After sponsored geofilters, Snapchat is working on launching a new self-serve platform for its Snap ads product, according to sources.
The platform is expected to roll out shortly and is expected to be timed to release alongside the IAB’s Newfronts conference, which kicks off in New York on May 1, said multiple agency executives interviewed by Digiday.
A buyer at an agency, who wished to remain anonymous, said the platform is launching a self-serve option “at least for Snap ads,” soon. Snap ads are full-screen vertical videos that brands can run on Snapchat between users’ curated stories or on the Discover section, or both.
“It has been difficult to activate Snapchat quickly and efficiently, mainly because it still lacks that self-serve advertising option outside of on-demand geofilters,” said Tom Buontempo, president at Attention, KBS’s social media arm.
From 2015 until October last year, buyers could only purchase Snap ads via a managed service, which was basically an insertion order sent to a Snapchat ads partner who would manage and execute the buy. An update in January, however, let media buyers license partner technology and manage those buys in-house. A native self-serve tool offered by Snapchat akin to the one it has for geofilters will be the next step in this evolution.
“A version of the self-serve platform already exists, but you still have to go through a third party, which charges more fees and is restrictive,” the anonymous executive said. “Snapchat’s own native tool would reduce friction since we would no longer have to go through a partner.”
Snapchat’s self-serve platform for Snap ads comes on the heels of the company launching a new self-serve platform for sponsored geofilters in late December, which allows brands and businesses to purchase long-running geofilters over their selected areas by making an annual commitment. The move also comes as advertisers and agencies are pushing back on other platforms, seeking more control and leverage. Snapchat declined to comment for this story.
These changes also come at a particularly important juncture: when the company is seeking to justify its $20 billion-plus valuation after going public. It must also continue to attract a growing roster of advertisers and advertising dollars at a time when Instagram is more aggressively than ever encroaching on its territory. The minimum spend for snap ads used to be $1,000 a day, according to one exec, but just like the self-serve platform for geofilters, the platform for Snap ads is also unlikely to have a minimum spend.
According to Jill Sherman, head of social media lead at DigitasLBi, agencies have been pushing for a self-service tool for a long time, because going through its API partners — who often come with markups — is not always ideal. Besides, many agencies are creating in-house self-serve teams of their own in order to execute buys with more agility and in real time.
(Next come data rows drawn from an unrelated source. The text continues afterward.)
lemma dsum_comparison_surj:
  assumes pp: "prime p" and L: "\<And>i. i \<in> I \<Longrightarrow> module (Zp_ring p) (L i)"
    and G: "G \<in> carrier (U p q (dsum I L))"
  shows "G \<in> (\<lambda>\<Phi>. \<lambda>t\<in>carrier (A_ring p q). \<lambda>i\<in>I. \<Phi> i t) ` carrier (dsum I (\<lambda>i. U p q (L i)))"
proof -
  define \<Phi> where "\<Phi> = (\<lambda>i\<in>I. \<lambda>t\<in>carrier (A_ring p q). G t i)"
  obtain n where Gn: "vanishes_on_A_filt p q (dsum I L) G n" using U_carrierD(4)[OF G] by blast
  have Gt: "G t \<in> Pi\<^sub>E I (\<lambda>i. carrier (L i))" "finite {i\<in>I. G t i \<noteq> \<zero>\<^bsub>L i\<^esub>}"
    if "t \<in> carrier (A_ring p q)" for t
    using U_carrierD(2)[OF G that] by (simp_all add: dsum_simps)
  have \<Phi>i: "\<Phi> i \<in> carrier (U p q (L i))" "vanishes_on_A_filt p q (L i) (\<Phi> i) n" if "i \<in> I" for i
    using U_dsum_component[OF pp G Gn that] that by (simp_all add: \<Phi>_def)
  have "{i\<in>I. \<Phi> i \<noteq> \<zero>\<^bsub>U p q (L i)\<^esub>} \<subseteq> (\<Union>m<n. {i\<in>I. G (Phi m) i \<noteq> \<zero>\<^bsub>L i\<^esub>})"
  proof (rule subsetI, rule ccontr)
    fix i assume i: "i \<in> {i\<in>I. \<Phi> i \<noteq> \<zero>\<^bsub>U p q (L i)\<^esub>}"
      and "i \<notin> (\<Union>m<n. {i\<in>I. G (Phi m) i \<noteq> \<zero>\<^bsub>L i\<^esub>})"
    then have iI: "i \<in> I" and "\<And>m. m < n \<Longrightarrow> \<Phi> i (Phi m) = \<zero>\<^bsub>L i\<^esub>"
      using Phi_in_A_ring[OF pp] by (auto simp: \<Phi>_def)
    then have "\<Phi> i = \<zero>\<^bsub>U p q (L i)\<^esub>" using U_eq_zeroI[OF pp L \<Phi>i] by blast
    then show False using i by blast
  qed
  moreover have "finite (\<Union>m<n. {i\<in>I. G (Phi m) i \<noteq> \<zero>\<^bsub>L i\<^esub>})"
    using Gt(2)[OF Phi_in_A_ring[OF pp]] by blast
  ultimately have "finite {i\<in>I. \<Phi> i \<noteq> \<zero>\<^bsub>U p q (L i)\<^esub>}" by (rule finite_subset)
  moreover have "\<Phi> \<in> Pi\<^sub>E I (\<lambda>i. carrier (U p q (L i)))" using \<Phi>i(1) by (simp add: \<Phi>_def)
  ultimately have "\<Phi> \<in> carrier (dsum I (\<lambda>i. U p q (L i)))" by (simp add: dsum_simps)
  moreover have "(\<lambda>t\<in>carrier (A_ring p q). \<lambda>i\<in>I. \<Phi> i t) = G"
  proof (rule extensionalityI)
    show "G \<in> extensional (carrier (A_ring p q))" using U_carrierD(1)[OF G] .
    show "(\<lambda>t\<in>carrier (A_ring p q). \<lambda>i\<in>I. \<Phi> i t) t = G t" if "t \<in> carrier (A_ring p q)" for t
      using Gt(1)[OF that] that by (auto simp: \<Phi>_def PiE_def extensional_def)
  qed simp
  ultimately show ?thesis by blast
qed

lemma U_dsum_bij:
  assumes "prime p" "\<And>i. i \<in> I \<Longrightarrow> module (Zp_ring p) (L i)"
  shows "bij_betw (\<lambda>\<Phi>. \<lambda>t\<in>carrier (A_ring p q). \<lambda>i\<in>I. \<Phi> i t)
    (carrier (dsum I (\<lambda>i. U p q (L i)))) (carrier (U p q (dsum I L)))"
  unfolding bij_betw_def
proof (intro conjI equalityI subsetI)
  show "inj_on (\<lambda>\<Phi>. \<lambda>t\<in>carrier (A_ring p q). \<lambda>i\<in>I. \<Phi> i t) (carrier (dsum I (\<lambda>i. U p q (L i))))"
    by (rule dsum_comparison_inj)
  show "G \<in> carrier (U p q (dsum I L))"
    if "G \<in> (\<lambda>\<Phi>. \<lambda>t\<in>carrier (A_ring p q). \<lambda>i\<in>I. \<Phi> i t) ` carrier (dsum I (\<lambda>i. U p q (L i)))" for G
    using that dsum_comparison_closed[OF assms(1)] by blast
qed (rule dsum_comparison_surj[OF assms])

section \<open>Direct limits\<close>

lemma dirlim_carrier: "carrier (dirlim I leq L \<phi>) = (SIGMA i:I. carrier (L i)) // dl_rel I leq L \<phi>"
  by (simp add: dirlim_def)

text \<open>The set-theoretic part of a direct system; it is also needed for the system of the
  \<open>U L\<^sub>i\<close>, which are modules over \<open>A\<close> rather than over the p-local integers.\<close>
locale direct_system =
  fixes I :: "'i set" and leq :: "'i \<Rightarrow> 'i \<Rightarrow> bool" and L :: "'i \<Rightarrow> ('r, 'a) module"
    and \<phi> :: "'i \<Rightarrow> 'i \<Rightarrow> 'a \<Rightarrow> 'a"
  assumes index_nonempty: "I \<noteq> {}"
    and leq_refl: "i \<in> I \<Longrightarrow> leq i i"
    and leq_trans: "i \<in> I \<Longrightarrow> j \<in> I \<Longrightarrow> k \<in> I \<Longrightarrow> leq i j \<Longrightarrow> leq j k \<Longrightarrow> leq i k"
    and directed: "i \<in> I \<Longrightarrow> j \<in> I \<Longrightarrow> \<exists>k\<in>I. leq i k \<and> leq j k"
    and transition_id: "i \<in> I \<Longrightarrow> x \<in> carrier (L i) \<Longrightarrow> \<phi> i i x = x"
    and transition_comp: "i \<in> I \<Longrightarrow> j \<in> I \<Longrightarrow> k \<in> I \<Longrightarrow> leq i j \<Longrightarrow> leq j k
      \<Longrightarrow> x \<in> carrier (L i) \<Longrightarrow> \<phi> j k (\<phi> i j x) = \<phi> i k x"
    and transition_closed: "i \<in> I \<Longrightarrow> j \<in> I \<Longrightarrow> leq i j \<Longrightarrow> x \<in> carrier (L i)
      \<Longrightarrow> \<phi> i j x \<in> carrier (L j)"
begin

lemma finite_upper_bound: "finite F \<Longrightarrow> F \<subseteq> I \<Longrightarrow> \<exists>m\<in>I. \<forall>i\<in>F. leq i m"
proof (induction F rule: finite_induct)
  case empty
  then show ?case using index_nonempty by blast
next
  case (insert i F)
  then obtain m where m: "m \<in> I" "\<forall>j\<in>F. leq j m" by auto
  obtain k where k: "k \<in> I" "leq i k" "leq m k" using directed[OF _ m(1), of i] insert.prems by auto
  then have "\<forall>j\<in>insert i F. leq j k" using m leq_trans insert.prems by blast
  then show ?case using k(1) by blast
qed

lemma transition_eq_upwards:
  assumes "i \<in> I" "j \<in> I" "k \<in> I" "m \<in> I" "leq i k" "leq j k" "leq k m"
    "x \<in> carrier (L i)" "y \<in> carrier (L j)" "\<phi> i k x = \<phi> j k y"
  shows "\<phi> i m x = \<phi> j m y"
proof -
  have "\<phi> i m x = \<phi> k m (\<phi> i k x)" using transition_comp[of i k m x] assms by simp
  also have "\<dots> = \<phi> j m y" using transition_comp[of j k m y] assms by simp
  finally show ?thesis .
qed

lemma equiv_dl_rel: "equiv (SIGMA i:I. carrier (L i)) (dl_rel I leq L \<phi>)"
proof (rule equivI)
  show "dl_rel I leq L \<phi> \<subseteq> (SIGMA i:I. carrier (L i)) \<times> (SIGMA i:I. carrier (L i))"
    unfolding dl_rel_def by auto
  show "refl_on (SIGMA i:I. carrier (L i)) (dl_rel I leq L \<phi>)"
    by (rule refl_onI) (auto simp: dl_rel_def intro: leq_refl)
  show "sym (dl_rel I leq L \<phi>)" unfolding dl_rel_def sym_def by auto
  show "trans (dl_rel I leq L \<phi>)"
  proof (rule transI)
    fix u v w assume uv: "(u, v) \<in> dl_rel I leq L \<phi>" and vw: "(v, w) \<in> dl_rel I leq L \<phi>"
    obtain i x j y l z where uvw: "u = (i, x)" "v = (j, y)" "w = (l, z)" by (metis prod.collapse)
    obtain k where k: "i \<in> I" "j \<in> I" "x \<in> carrier (L i)" "y \<in> carrier (L j)" "k \<in> I"
        "leq i k" "leq j k" "\<phi> i k x = \<phi> j k y"
      using uv unfolding uvw dl_rel_def by auto
    obtain k' where k': "l \<in> I" "z \<in> carrier (L l)" "k' \<in> I" "leq j k'" "leq l k'" "\<phi> j k' y = \<phi> l k' z"
      using vw unfolding uvw dl_rel_def by auto
    obtain m where m: "m \<in> I" "leq k m" "leq k' m" using directed[OF k(5) k'(3)] by blast
    have "\<phi> i m x = \<phi> j m y" using transition_eq_upwards[of i j k m] k m by blast
    also have "\<dots> = \<phi> l m z" using transition_eq_upwards[of j l k' m] k k' m by blast
    finally have "\<phi> i m x = \<phi> l m z" .
    moreover have "leq i m" "leq l m" using leq_trans k k' m by blast+
    ultimately show "(u, w) \<in> dl_rel I leq L \<phi>" unfolding uvw dl_rel_def using k k' m by auto
  qed
qed

lemma dl_in_eq_iff:
  assumes "i \<in> I" "x \<in> carrier (L i)" "j \<in> I" "y \<in> carrier (L j)"
  shows "dl_in I leq L \<phi> i x = dl_in I leq L \<phi> j y \<longleftrightarrow> (\<exists>k\<in>I. leq i k \<and> leq j k \<and> \<phi> i k x = \<phi> j k y)"
proof -
  have "dl_in I leq L \<phi> i x = dl_in I leq L \<phi> j y \<longleftrightarrow> ((i, x), (j, y)) \<in> dl_rel I leq L \<phi>"
    unfolding dl_in_def using eq_equiv_class_iff[OF equiv_dl_rel] assms by blast
  then show ?thesis unfolding dl_rel_def using assms by auto
qed

lemma dl_in_in_dirlim: "i \<in> I \<Longrightarrow> x \<in> carrier (L i) \<Longrightarrow> dl_in I leq L \<phi> i x \<in> carrier (dirlim I leq L \<phi>)"
  unfolding dl_in_def dirlim_carrier by (rule quotientI) auto

lemma mem_dl_in: "i \<in> I \<Longrightarrow> x \<in> carrier (L i) \<Longrightarrow> (i, x) \<in> dl_in I leq L \<phi> i x"
  unfolding dl_in_def by (rule equiv_class_self[OF equiv_dl_rel]) auto

lemma dirlim_elem_cases:
  assumes "X \<in> carrier (dirlim I leq L \<phi>)"
  obtains i x where "i \<in> I" "x \<in> carrier (L i)" "X = dl_in I leq L \<phi> i x"
  using assms unfolding dl_in_def dirlim_carrier by (auto elim!: quotientE)

lemma dirlim_elem_repr:
  assumes "X \<in> carrier (dirlim I leq L \<phi>)" "(i, x) \<in> X"
  shows "i \<in> I" "x \<in> carrier (L i)" "X = dl_in I leq L \<phi> i x"
proof -
  obtain i0 x0 where X: "i0 \<in> I" "x0 \<in> carrier (L i0)" "X = dl_in I leq L \<phi> i0 x0"
    using dirlim_elem_cases[OF assms(1)] by blast
  then have r: "((i0, x0), (i, x)) \<in> dl_rel I leq L \<phi>" using assms(2) unfolding dl_in_def by simp
  then show "i \<in> I" "x \<in> carrier (L i)" unfolding dl_rel_def by auto
  show "X = dl_in I leq L \<phi> i x" unfolding X(3) dl_in_def using equiv_class_eq[OF equiv_dl_rel r] .
qed

lemma dl_in_transition:
  assumes "i \<in> I" "k \<in> I" "leq i k" "x \<in> carrier (L i)"
  shows "dl_in I leq L \<phi> k (\<phi> i k x) = dl_in I leq L \<phi> i x"
  unfolding dl_in_eq_iff[OF assms(2) transition_closed[OF assms] assms(1,4)]
  using assms leq_refl[OF assms(2)] transition_id[OF assms(2) transition_closed[OF assms]] by blast

lemma dirlim_finite_family_from_stage:
  assumes "finite F" "\<And>m. m \<in> F \<Longrightarrow> X m \<in> carrier (dirlim I leq L \<phi>)"
  shows "\<exists>K\<in>I. \<exists>y. \<forall>m\<in>F. y m \<in> carrier (L K) \<and> X m = dl_in I leq L \<phi> K (y m)"
proof -
  have "\<exists>ix. fst ix \<in> I \<and> snd ix \<in> carrier (L (fst ix)) \<and> X m = dl_in I leq L \<phi> (fst ix) (snd ix)"
    if m: "m \<in> F" for m
  proof -
    obtain i x where "i \<in> I" "x \<in> carrier (L i)" "X m = dl_in I leq L \<phi> i x"
      using dirlim_elem_cases[OF assms(2)[OF m]] .
    then show ?thesis by (intro exI[of _ "(i, x)"]) simp
  qed
  then have "\<forall>m\<in>F. \<exists>ix. fst ix \<in> I \<and> snd ix \<in> carrier (L (fst ix))
      \<and> X m = dl_in I leq L \<phi> (fst ix) (snd ix)" by blast
  from bchoice[OF this] obtain ix where ix: "\<forall>m\<in>F. fst (ix m) \<in> I
      \<and> snd (ix m) \<in> carrier (L (fst (ix m))) \<and> X m = dl_in I leq L \<phi> (fst (ix m)) (snd (ix m))"
    by blast
  have "\<exists>K\<in>I. \<forall>i\<in>(fst \<circ> ix) ` F. leq i K" using assms(1) ix by (intro finite_upper_bound) auto
  then obtain K where K: "K \<in> I" "\<forall>i\<in>(fst \<circ> ix) ` F. leq i K" by blast
  have "\<phi> (fst (ix m)) K (snd (ix m)) \<in> carrier (L K)
      \<and> X m = dl_in I leq L \<phi> K (\<phi> (fst (ix m)) K (snd (ix m)))" if m: "m \<in> F" for m
  proof -
    have "leq (fst (ix m)) K" using K(2) m by simp
    then show ?thesis using ix m K(1) transition_closed dl_in_transition by simp
  qed
  then show ?thesis
    by (intro bexI[OF _ K(1)] exI[of _ "\<lambda>m. \<phi> (fst (ix m)) K (snd (ix m))"]) simp
qed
“It’s a huge advantage,” she said. “It gives us better control and enables us to also understand performance better.”
Several moves that Snapchat has made recently point toward such a solution coming soon, said Amber Baumer, media manager at Blue Fountain Media. According to her, the recent news of the proprietary reporting dashboard and in-store conversion tracking now available for Snap ads shows that there are more features imminent. Plus, Snapchat also acquired San Francisco-based ad tech company Flite in December 2016, which is known for its tools to make compelling digital ads, like 360-degree video ads and vertical video ads.
For most executives, including Bold Worldwide CEO Brian Cristiano, the self-serve platform for Snap ads is the next crucial evolution of Snapchat, if it wants to be successful. According to him, Snapchat must be able to provide advertisers with the tools, data and results that parallel or exceed the rest of the industry.
Snapchat is aware that lack of metrics is a major reason why many brands are still hesitant to advertise on the platform. Its initial IPO paperwork in February indicated as much, saying that in the past, the platform relied on third-party analytics and it is cognizant that measurement errors could be a problem for the company. Snapchat will also report earnings in May.
Jeremy Sigel, global director of partnerships and emerging experiences at Essence, said that this move is in pursuit of such growth.
“This initiative isn’t just about catering to advertiser gripes; self-serve advertising solutions equal big dollars,” he said. “Managed services require resource and takes time. Self-serve scales up quickly and allows anyone to start advertising.”